European Firms Lead Surge in Refrigerated Shipping Demand

As global demand for refrigerated goods rises, European shipping companies are excelling in the refrigerated capacity sector. MSC currently leads globally in refrigerated container space, showing a positive growth trend compared to other major companies like CMA CGM. Although Asian enterprises started later, they are also rapidly catching up in this field.
European Firms Lead Surge in Refrigerated Shipping Demand

The global shipping industry is witnessing intensifying competition in refrigerated cargo capacity, with European carriers pulling ahead of their Asian counterparts. These companies are actively investing in refrigerated container fleets to better serve growing global trade demands, particularly for temperature-controlled goods.

MSC, the world's largest container line, maintains its market leadership with an extensive reefer container inventory.

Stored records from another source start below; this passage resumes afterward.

definition W_term :: "complex \<Rightarrow> complex \<Rightarrow> nat \<Rightarrow> nat \<Rightarrow> int \<Rightarrow> int \<Rightarrow> int \<Rightarrow> int \<Rightarrow> complex \<Rightarrow> int \<Rightarrow> complex"
  where "W_term s t n m a b b' c u \<Sigma> =
    (let w = (s + t) / 2;
         \<nu> = a - b; \<mu> = b - c; \<mu>' = b' - a;
         mp = nat ((int m - \<mu>) div 2);
         mm = nat ((int m + \<mu>) div 2);
         x = of_int a + w;
         kp = nat ((int mm + \<Sigma>) div 2);
         km = nat ((int mm - \<Sigma>) div 2);
         rp = nat ((int mp + (\<mu>' - \<Sigma>)) div 2);
         rm = nat ((int mp - (\<mu>' - \<Sigma>)) div 2);
         \<theta>1 = of_int (int n - \<nu>) / 2;
         \<theta>2 = - u + of_int c + of_nat mm - of_int (int n - \<nu>) / 2 + w;
         \<theta>3 = u - of_nat mp + of_int (int n + \<nu>) / 2;
         \<theta>4 = of_int c + of_int \<mu> + of_int (int n + \<nu>) / 2 + w;
         \<theta>5 = u + of_int (int n - \<nu> - \<Sigma> - int mm) / 2;
         \<theta>6 = of_int c + of_int \<mu> - of_int (int n - \<nu> - \<Sigma> + int mm) / 2 + w;
         \<theta>7 = of_int (int n + \<nu> + \<Sigma> + int mm) / 2;
         \<theta>8 = u + of_int c + of_int \<mu> + of_int (int n + \<nu> + \<Sigma> - int mm) / 2 + w
     in ((x + of_int \<mu>') * of_nat (mm choose kp) * of_nat (mp choose rp)
          * falling \<theta>1 kp * rising \<theta>2 kp * falling \<theta>3 km * falling \<theta>4 km
          * falling \<theta>5 rp * rising \<theta>6 rp * falling \<theta>7 rm * falling \<theta>8 rm)
        / (x * rising (x + 1) kp * falling (x - 1) km
           * rising (x + of_int \<Sigma> + 1) rp * falling (x + of_int \<Sigma> - 1) rm))"

lemma Wcoef_eq_sum_W_term:
  "Wcoef s t n m a b b' c u =
    (\<Sum>\<Sigma>\<in>{\<Sigma>::int. - int (nat ((int m + (b - c)) div 2)) \<le> \<Sigma> \<and> \<Sigma> \<le> int (nat ((int m + (b - c)) div 2))
        \<and> (\<Sigma> + int (nat ((int m + (b - c)) div 2))) mod 2 = 0
        \<and> \<bar>(b' - a) - \<Sigma>\<bar> \<le> int (nat ((int m - (b - c)) div 2))}. W_term s t n m a b b' c u \<Sigma>)"
  unfolding Wcoef_def W_term_def Let_def ..

text \<open>The values of the let-bound quantities of \<open>W_term\<close> are hypotheses, so that they are all
  replaced in a single rewriting step, before any normalisation of the nested terms.\<close>
lemma W_term_eval:
  assumes "nat ((int m + (b - c)) div 2) = MM" and "nat ((int m - (b - c)) div 2) = MP"
    and "nat ((int MM + \<Sigma>) div 2) = KP" and "nat ((int MM - \<Sigma>) div 2) = KM"
    and "nat ((int MP + ((b' - a) - \<Sigma>)) div 2) = RP" and "nat ((int MP - ((b' - a) - \<Sigma>)) div 2) = RM"
    and "of_int (int n - (a - b)) / 2 = T1"
    and "- u + of_int c + of_nat MM - T1 + (s + t) / 2 = T2"
    and "u - of_nat MP + of_int (int n + (a - b)) / 2 = T3"
    and "of_int c + of_int (b - c) + of_int (int n + (a - b)) / 2 + (s + t) / 2 = T4"
    and "u + of_int (int n - (a - b) - \<Sigma> - int MM) / 2 = T5"
    and "of_int c + of_int (b - c) - of_int (int n - (a - b) - \<Sigma> + int MM) / 2 + (s + t) / 2 = T6"
    and "of_int (int n + (a - b) + \<Sigma> + int MM) / 2 = T7"
    and "u + of_int c + of_int (b - c) + of_int (int n + (a - b) + \<Sigma> - int MM) / 2 + (s + t) / 2 = T8"
    and "of_int a + (s + t) / 2 = X" and "X + of_int (b' - a) = NUM" and "X + of_int \<Sigma> = Y"
  shows "W_term s t n m a b b' c u \<Sigma>
    = (NUM * of_nat (MM choose KP) * of_nat (MP choose RP)
        * falling T1 KP * rising T2 KP * falling T3 KM * falling T4 KM
        * falling T5 RP * rising T6 RP * falling T7 RM * falling T8 RM)
      / (X * rising (X + 1) KP * falling (X - 1) KM * rising (Y + 1) RP * falling (Y - 1) RM)"
  unfolding W_term_def Let_def assms[symmetric] ..

text \<open>The prefactor \<open>(y + j' - i') / y\<close> of the second weight cancels against the denominators
  of the first one, since \<open>y = x + j - i\<close>.\<close>
lemma path_weight_mult:
  assumes "x \<notin> \<int>" and y: "y = x + of_nat j - of_nat i"
  shows "path_weight x P1 P2 P3 P4 i j * path_weight y R1 R2 R3 R4 i' j'
    = ((y + of_nat j' - of_nat i') * of_nat ((i + j) choose j) * of_nat ((i' + j') choose j')
        * falling P1 j * rising P2 j * falling P3 i * falling P4 i
        * falling R1 j' * rising R2 j' * falling R3 i' * falling R4 i')
      / (x * rising (x + 1) j * falling (x - 1) i * rising (y + 1) j' * falling (y - 1) i')"
proof -
  have "y \<notin> \<int>"
    using not_Ints_add_of_int[OF assms(1), of "int j - int i"] by (simp add: y algebra_simps)
  have "x \<noteq> 0" "y \<noteq> 0"
    using not_Ints_add_of_int_neq_0[OF assms(1), of 0] not_Ints_add_of_int_neq_0[OF \<open>y \<notin> \<int>\<close>, of 0]
    by simp_all
  moreover have "rising (x + 1) j \<noteq> 0" "falling (x - 1) i \<noteq> 0" "rising (y + 1) j' \<noteq> 0" "falling (y - 1) i' \<noteq> 0"
    using not_Ints_add_of_int[OF assms(1), of 1] not_Ints_add_of_int[OF assms(1), of "- 1"]
      not_Ints_add_of_int[OF \<open>y \<notin> \<int>\<close>, of 1] not_Ints_add_of_int[OF \<open>y \<notin> \<int>\<close>, of "- 1"]
    by (simp_all add: rising_not_Ints_neq_0 falling_not_Ints_neq_0)
  ultimately show ?thesis
    unfolding path_weight_def y[symmetric] by (simp add: field_simps)
qed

Latest data reveals MSC currently operates 651,000 refrigerated container slots, representing 23.3% of its total fleet capacity. This marks a nearly 12% year-over-year increase in reefer plug capacity, demonstrating the company's continued expansion in cold chain logistics.

Alphaliner's analysis suggests that if all reefer slots were fully loaded with 40-foot refrigerated containers, shipping companies could dedicate one-fifth of their total capacity to temperature-controlled cargo. This statistic underscores the growing importance of refrigerated capabilities in current and future maritime markets.

CMA CGM has similarly achieved a 10% growth in reefer capacity, with refrigerated vessels now constituting 23% of its total fleet. This performance places the French carrier on par with other major players like Maersk, Hapag-Lloyd, and HMM in refrigerated shipping capabilities.

The annual Alphaliner report notes a general positive correlation between reefer capacity and overall fleet size, though exceptions exist. ZIM Integrated Shipping Services ranks eighth in refrigerated container transport, ahead of Yang Ming and HMM, yet maintains a relatively modest market share.

Meanwhile, Asian carriers including COSCO and ONE show promising growth despite currently lower reefer capacity ratios of 16% and 18.5% respectively. Both companies have achieved double-digit growth in the past year, with newer vessels typically equipped with more reefer plugs, signaling their potential in the expanding cold chain market.

This upward trend in refrigerated capacity demonstrates shipping companies' market foresight and adaptability to evolving customer needs. For the international logistics sector, these developments present both new opportunities and challenges in maintaining cargo safety and quality during maritime transport.